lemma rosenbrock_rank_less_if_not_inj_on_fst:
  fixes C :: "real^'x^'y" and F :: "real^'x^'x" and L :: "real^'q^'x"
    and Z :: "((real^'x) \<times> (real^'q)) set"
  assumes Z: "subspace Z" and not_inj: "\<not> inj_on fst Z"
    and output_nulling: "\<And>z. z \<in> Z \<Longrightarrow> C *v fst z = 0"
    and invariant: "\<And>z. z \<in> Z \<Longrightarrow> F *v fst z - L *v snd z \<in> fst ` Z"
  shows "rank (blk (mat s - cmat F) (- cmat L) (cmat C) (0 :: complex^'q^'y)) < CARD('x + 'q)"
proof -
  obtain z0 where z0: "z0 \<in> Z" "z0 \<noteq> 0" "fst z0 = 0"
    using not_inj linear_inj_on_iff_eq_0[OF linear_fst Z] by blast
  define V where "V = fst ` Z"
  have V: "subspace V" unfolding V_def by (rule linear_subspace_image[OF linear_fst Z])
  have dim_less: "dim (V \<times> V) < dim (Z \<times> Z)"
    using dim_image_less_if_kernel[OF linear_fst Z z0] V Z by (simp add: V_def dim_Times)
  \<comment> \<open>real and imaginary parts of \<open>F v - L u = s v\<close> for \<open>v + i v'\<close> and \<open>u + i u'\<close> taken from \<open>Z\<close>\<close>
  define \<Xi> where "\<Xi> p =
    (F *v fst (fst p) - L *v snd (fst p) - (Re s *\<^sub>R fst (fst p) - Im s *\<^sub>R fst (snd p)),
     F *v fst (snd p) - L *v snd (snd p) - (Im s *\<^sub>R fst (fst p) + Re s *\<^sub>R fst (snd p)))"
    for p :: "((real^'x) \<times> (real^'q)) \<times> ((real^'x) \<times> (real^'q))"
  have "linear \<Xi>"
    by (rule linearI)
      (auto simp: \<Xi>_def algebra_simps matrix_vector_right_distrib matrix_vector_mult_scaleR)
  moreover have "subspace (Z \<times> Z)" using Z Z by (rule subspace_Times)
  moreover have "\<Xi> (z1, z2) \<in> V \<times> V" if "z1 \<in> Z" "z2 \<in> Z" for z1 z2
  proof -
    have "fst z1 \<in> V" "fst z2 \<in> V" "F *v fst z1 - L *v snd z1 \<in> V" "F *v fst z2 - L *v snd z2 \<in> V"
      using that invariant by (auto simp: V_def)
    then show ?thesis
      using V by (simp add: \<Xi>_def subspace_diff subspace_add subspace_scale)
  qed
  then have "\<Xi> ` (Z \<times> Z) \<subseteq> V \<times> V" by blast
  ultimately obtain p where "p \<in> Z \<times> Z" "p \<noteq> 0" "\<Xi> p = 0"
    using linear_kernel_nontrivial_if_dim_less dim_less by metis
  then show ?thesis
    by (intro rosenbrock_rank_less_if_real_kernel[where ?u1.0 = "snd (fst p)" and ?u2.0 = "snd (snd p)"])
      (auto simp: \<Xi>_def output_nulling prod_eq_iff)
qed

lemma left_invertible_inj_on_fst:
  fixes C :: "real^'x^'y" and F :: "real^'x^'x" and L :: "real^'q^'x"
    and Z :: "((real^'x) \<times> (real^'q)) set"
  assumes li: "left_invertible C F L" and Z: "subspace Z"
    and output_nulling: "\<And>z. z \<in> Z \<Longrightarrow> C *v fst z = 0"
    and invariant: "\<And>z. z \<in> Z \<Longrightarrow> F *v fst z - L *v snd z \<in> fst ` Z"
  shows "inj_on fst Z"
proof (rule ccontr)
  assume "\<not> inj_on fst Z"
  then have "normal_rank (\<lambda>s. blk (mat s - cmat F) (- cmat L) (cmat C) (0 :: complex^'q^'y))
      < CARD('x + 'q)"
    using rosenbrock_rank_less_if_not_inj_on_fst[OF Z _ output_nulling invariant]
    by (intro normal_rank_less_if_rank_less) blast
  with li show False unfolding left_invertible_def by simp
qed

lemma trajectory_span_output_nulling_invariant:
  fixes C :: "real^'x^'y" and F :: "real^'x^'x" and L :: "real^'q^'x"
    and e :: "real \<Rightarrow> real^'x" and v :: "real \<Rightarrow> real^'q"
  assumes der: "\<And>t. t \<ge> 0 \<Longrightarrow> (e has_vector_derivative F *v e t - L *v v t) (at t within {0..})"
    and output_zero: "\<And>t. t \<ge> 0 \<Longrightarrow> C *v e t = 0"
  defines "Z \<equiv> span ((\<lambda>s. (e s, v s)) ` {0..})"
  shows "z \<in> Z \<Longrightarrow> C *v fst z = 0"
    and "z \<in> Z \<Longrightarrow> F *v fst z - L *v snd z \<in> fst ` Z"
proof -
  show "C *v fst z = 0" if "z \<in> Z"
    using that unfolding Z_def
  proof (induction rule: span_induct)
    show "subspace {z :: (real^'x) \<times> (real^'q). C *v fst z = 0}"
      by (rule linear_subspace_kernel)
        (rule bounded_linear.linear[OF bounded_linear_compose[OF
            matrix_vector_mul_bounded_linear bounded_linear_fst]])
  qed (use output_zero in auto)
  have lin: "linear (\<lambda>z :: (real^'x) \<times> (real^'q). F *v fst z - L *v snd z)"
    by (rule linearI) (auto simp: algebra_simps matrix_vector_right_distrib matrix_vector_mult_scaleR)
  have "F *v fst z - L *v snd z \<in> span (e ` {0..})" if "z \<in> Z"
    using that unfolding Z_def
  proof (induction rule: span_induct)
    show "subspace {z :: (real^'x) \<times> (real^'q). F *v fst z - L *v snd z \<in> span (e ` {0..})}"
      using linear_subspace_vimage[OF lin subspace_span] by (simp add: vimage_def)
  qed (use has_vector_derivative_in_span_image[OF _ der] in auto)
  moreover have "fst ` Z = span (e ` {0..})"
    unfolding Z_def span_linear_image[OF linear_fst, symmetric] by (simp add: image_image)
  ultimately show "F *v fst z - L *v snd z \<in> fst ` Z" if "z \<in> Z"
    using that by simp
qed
────────
-- WORK REQUEST --
Search the material above for the word "blast", then copy out each line that has it.

-- ANSWER AREA --
    using not_inj linear_inj_on_iff_eq_0[OF linear_fst Z] by blast
  then have "\<Xi> ` (Z \<times> Z) \<subseteq> V \<times> V" by blast
    by (intro normal_rank_less_if_rank_less) blast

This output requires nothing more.